(Source records)
- Opening Delimiter -

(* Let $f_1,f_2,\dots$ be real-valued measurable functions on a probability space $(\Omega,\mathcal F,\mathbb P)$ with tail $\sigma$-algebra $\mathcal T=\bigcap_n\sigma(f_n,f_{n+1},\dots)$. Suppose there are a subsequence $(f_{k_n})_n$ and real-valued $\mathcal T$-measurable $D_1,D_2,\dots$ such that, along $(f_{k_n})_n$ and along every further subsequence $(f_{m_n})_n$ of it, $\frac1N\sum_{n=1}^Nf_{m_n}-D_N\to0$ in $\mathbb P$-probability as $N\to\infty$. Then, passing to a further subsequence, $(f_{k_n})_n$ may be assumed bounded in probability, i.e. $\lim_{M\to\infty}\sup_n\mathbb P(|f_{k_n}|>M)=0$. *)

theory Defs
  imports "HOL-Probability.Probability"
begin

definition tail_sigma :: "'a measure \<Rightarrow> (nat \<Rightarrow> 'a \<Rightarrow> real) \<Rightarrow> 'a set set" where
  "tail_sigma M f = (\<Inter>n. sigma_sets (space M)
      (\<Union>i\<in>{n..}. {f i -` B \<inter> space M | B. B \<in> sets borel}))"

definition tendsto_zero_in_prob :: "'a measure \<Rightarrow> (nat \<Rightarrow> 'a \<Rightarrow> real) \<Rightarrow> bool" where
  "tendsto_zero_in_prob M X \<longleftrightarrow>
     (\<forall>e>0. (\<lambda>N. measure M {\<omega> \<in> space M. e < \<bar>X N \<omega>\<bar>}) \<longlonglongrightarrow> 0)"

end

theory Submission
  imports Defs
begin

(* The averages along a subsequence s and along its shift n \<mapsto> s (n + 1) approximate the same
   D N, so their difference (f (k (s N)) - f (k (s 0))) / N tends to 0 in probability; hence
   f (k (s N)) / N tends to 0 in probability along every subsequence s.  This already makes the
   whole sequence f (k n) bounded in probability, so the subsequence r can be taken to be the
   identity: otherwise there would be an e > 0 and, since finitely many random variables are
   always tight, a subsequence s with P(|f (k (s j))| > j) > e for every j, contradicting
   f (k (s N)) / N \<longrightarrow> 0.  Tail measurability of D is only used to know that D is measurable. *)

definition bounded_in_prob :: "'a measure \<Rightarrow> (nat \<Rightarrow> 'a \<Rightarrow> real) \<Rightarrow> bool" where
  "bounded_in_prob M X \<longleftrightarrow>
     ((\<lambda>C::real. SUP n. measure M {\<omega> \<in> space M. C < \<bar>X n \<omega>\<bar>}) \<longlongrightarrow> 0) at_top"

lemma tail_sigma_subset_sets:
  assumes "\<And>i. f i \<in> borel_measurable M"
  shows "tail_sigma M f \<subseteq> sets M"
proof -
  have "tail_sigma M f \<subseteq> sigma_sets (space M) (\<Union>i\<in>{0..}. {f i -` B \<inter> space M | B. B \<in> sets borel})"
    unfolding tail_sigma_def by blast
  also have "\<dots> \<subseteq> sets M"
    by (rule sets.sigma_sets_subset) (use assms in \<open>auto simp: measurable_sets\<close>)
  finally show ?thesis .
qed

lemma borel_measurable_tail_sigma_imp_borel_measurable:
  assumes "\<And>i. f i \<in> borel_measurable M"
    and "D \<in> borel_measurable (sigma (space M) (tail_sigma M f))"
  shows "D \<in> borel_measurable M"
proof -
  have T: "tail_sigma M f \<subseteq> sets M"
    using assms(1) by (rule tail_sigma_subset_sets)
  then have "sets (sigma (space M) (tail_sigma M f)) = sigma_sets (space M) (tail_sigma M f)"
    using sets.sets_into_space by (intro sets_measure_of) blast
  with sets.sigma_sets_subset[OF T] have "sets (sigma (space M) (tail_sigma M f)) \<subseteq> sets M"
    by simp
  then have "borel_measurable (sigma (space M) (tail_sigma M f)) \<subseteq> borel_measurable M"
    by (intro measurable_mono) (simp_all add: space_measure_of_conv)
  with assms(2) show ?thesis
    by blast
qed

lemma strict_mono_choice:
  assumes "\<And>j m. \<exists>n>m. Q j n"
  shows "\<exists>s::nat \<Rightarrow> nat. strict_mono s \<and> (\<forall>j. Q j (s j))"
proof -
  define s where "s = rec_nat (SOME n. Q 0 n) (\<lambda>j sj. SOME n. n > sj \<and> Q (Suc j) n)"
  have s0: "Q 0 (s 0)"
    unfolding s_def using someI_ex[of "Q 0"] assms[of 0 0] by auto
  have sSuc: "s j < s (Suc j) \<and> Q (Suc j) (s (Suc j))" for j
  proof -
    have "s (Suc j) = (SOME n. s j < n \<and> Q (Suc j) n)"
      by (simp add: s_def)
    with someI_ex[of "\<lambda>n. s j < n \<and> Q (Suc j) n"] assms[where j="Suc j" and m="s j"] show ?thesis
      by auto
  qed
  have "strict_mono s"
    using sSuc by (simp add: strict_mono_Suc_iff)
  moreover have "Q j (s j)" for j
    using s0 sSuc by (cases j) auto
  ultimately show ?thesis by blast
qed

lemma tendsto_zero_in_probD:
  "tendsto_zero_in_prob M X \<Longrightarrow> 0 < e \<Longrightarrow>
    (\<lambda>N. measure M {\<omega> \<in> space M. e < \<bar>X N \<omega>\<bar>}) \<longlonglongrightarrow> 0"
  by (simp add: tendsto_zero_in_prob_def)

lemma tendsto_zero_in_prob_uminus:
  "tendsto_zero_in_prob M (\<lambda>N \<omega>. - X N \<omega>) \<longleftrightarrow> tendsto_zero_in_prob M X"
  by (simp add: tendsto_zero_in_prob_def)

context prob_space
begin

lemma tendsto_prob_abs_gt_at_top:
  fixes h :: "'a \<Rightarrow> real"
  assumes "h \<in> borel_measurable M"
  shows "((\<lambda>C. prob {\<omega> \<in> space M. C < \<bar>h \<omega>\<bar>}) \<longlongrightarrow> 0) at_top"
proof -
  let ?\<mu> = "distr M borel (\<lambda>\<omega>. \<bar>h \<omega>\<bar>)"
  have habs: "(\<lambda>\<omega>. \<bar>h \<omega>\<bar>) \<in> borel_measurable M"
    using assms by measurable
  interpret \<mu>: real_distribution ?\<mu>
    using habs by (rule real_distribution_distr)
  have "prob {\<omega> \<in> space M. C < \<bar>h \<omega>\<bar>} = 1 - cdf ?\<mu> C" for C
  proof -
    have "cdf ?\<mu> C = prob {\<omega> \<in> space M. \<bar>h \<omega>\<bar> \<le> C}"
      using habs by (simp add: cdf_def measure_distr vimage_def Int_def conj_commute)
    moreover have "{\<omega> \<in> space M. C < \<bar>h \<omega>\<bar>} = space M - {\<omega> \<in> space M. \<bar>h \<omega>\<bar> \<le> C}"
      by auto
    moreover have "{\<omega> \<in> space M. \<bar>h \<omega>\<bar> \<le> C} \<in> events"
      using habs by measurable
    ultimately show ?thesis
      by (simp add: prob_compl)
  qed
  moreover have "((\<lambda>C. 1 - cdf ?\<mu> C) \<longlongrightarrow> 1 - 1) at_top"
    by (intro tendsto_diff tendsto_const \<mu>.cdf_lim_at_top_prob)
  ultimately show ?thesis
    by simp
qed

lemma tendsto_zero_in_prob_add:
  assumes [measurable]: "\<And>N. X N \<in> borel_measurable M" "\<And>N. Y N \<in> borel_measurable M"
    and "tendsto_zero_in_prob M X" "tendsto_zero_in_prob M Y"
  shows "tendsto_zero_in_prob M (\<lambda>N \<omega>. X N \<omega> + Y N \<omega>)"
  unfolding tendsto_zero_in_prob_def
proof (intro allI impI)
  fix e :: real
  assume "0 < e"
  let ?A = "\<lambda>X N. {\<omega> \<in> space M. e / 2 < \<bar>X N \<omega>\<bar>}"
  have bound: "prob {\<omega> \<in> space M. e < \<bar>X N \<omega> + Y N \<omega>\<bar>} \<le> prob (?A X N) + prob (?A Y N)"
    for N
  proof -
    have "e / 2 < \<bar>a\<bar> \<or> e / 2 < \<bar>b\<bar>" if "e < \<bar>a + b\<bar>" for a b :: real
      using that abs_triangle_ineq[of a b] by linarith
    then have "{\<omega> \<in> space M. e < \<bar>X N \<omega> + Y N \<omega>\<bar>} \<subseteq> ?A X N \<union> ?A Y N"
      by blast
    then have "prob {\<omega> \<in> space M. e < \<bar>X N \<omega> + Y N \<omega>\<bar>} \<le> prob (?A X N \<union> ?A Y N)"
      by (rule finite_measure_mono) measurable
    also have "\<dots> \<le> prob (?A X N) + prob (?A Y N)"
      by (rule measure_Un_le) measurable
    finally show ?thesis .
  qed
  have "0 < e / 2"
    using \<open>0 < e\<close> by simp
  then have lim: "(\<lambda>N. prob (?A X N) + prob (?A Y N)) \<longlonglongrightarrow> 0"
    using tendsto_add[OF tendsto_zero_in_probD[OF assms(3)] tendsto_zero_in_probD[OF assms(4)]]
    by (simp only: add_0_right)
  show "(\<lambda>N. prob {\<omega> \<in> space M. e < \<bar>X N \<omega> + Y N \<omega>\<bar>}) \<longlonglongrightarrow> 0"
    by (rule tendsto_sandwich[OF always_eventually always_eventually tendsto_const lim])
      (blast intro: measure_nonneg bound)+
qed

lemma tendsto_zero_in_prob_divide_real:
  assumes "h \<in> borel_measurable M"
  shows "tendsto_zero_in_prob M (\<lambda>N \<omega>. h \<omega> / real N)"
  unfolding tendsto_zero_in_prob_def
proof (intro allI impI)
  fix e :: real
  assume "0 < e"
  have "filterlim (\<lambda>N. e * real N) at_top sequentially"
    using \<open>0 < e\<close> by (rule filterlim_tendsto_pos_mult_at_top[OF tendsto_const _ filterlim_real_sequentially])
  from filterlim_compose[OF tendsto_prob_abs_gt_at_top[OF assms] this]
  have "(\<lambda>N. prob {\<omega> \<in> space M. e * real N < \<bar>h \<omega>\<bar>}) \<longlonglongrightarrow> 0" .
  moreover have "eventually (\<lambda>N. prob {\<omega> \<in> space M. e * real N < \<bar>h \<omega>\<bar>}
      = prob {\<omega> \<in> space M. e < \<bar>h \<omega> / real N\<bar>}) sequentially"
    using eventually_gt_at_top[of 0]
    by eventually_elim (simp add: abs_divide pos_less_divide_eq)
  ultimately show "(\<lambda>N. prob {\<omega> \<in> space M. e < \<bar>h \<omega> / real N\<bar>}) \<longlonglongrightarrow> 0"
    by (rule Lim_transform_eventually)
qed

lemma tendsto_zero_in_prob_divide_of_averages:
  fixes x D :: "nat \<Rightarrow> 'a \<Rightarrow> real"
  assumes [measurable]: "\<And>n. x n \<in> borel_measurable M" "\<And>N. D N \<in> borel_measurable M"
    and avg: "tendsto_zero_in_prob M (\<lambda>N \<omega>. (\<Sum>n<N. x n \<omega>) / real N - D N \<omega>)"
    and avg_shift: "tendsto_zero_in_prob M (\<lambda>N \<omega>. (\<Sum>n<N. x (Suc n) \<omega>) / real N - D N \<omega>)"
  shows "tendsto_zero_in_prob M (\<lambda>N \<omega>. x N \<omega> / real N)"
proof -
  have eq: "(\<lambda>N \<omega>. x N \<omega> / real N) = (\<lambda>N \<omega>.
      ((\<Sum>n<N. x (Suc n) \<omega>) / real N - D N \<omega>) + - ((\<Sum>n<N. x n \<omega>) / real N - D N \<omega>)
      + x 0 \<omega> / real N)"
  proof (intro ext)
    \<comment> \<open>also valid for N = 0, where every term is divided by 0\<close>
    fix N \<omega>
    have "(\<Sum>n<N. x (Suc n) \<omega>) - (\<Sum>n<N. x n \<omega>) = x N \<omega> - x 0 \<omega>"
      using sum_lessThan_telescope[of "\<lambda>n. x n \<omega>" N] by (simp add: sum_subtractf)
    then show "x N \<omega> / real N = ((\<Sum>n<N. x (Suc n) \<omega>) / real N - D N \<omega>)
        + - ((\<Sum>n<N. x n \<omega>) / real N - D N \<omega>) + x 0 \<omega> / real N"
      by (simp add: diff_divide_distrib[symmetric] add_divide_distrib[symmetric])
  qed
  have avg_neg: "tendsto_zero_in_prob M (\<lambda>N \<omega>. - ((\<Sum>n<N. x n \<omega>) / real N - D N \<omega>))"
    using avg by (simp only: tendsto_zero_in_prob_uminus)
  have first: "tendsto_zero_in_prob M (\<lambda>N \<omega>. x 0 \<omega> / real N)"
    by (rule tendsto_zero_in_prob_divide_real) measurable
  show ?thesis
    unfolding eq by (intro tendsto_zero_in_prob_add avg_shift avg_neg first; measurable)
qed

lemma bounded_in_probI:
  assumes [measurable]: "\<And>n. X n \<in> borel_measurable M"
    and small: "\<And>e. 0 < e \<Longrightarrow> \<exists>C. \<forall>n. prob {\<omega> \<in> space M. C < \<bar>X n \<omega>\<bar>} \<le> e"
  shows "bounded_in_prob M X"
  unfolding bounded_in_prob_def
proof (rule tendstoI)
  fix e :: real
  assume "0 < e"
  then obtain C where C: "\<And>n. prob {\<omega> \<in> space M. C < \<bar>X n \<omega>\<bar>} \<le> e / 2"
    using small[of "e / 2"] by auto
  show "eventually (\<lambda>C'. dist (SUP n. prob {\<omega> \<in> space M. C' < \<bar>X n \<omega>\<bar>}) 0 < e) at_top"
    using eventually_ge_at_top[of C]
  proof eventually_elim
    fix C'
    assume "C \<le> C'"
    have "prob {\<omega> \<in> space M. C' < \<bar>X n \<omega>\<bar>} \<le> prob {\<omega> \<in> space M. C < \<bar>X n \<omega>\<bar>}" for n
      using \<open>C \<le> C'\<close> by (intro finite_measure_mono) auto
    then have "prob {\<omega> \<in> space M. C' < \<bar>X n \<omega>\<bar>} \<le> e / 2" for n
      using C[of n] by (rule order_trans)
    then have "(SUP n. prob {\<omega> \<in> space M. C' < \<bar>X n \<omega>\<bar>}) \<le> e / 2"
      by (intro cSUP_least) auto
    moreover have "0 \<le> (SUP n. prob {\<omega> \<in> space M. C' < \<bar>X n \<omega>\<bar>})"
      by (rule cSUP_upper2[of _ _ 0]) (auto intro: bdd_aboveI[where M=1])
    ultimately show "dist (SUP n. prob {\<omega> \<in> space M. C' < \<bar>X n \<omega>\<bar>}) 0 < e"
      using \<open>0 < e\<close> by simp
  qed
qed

- Closing Delimiter -
- Opening Delimiter -

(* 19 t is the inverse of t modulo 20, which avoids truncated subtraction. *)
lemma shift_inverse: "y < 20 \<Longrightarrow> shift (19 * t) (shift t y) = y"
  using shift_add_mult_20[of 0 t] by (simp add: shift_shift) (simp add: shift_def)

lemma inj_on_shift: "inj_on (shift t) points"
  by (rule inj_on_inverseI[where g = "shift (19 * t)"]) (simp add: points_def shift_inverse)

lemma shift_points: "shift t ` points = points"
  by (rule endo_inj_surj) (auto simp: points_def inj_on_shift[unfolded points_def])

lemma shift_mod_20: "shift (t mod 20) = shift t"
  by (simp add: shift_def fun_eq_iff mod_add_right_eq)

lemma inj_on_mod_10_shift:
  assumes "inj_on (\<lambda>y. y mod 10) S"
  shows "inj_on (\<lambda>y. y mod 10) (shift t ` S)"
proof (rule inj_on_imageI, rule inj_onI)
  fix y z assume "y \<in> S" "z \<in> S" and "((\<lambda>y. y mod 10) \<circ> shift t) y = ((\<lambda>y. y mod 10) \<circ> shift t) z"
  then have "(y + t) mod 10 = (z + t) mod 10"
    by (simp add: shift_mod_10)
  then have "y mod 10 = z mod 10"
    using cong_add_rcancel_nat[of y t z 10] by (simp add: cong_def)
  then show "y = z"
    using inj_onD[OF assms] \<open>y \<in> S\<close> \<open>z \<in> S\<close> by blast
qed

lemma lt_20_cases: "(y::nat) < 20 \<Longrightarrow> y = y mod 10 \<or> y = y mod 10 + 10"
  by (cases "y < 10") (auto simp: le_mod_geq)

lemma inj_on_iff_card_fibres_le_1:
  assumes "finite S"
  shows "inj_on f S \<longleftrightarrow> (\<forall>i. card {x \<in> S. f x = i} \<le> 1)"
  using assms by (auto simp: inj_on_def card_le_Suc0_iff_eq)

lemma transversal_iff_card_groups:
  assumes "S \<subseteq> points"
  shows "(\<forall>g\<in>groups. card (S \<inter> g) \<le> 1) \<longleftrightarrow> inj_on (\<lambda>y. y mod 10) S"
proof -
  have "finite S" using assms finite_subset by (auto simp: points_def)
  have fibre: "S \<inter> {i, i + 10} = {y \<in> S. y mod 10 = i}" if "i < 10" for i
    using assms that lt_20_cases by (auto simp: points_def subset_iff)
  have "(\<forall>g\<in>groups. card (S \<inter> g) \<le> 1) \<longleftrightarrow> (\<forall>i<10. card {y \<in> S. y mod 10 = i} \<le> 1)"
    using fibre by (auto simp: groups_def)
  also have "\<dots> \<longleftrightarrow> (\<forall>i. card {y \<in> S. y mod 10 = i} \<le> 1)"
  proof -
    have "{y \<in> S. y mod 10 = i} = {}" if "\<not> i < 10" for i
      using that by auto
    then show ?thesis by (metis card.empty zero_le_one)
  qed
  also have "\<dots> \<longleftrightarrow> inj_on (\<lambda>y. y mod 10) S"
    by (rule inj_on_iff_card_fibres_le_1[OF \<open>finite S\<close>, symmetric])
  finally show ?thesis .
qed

- Closing Delimiter -

--- What you should do ---
What lines above contain the string "exists"? Copy all of them.

--- Response to this exercise ---
  assumes "\<And>j m. \<exists>n>m. Q j n"
  shows "\<exists>s::nat \<Rightarrow> nat. strict_mono s \<and> (\<forall>j. Q j (s j))"
    and small: "\<And>e. 0 < e \<Longrightarrow> \<exists>C. \<forall>n. prob {\<omega> \<in> space M. C < \<bar>X n \<omega>\<bar>} \<le> e"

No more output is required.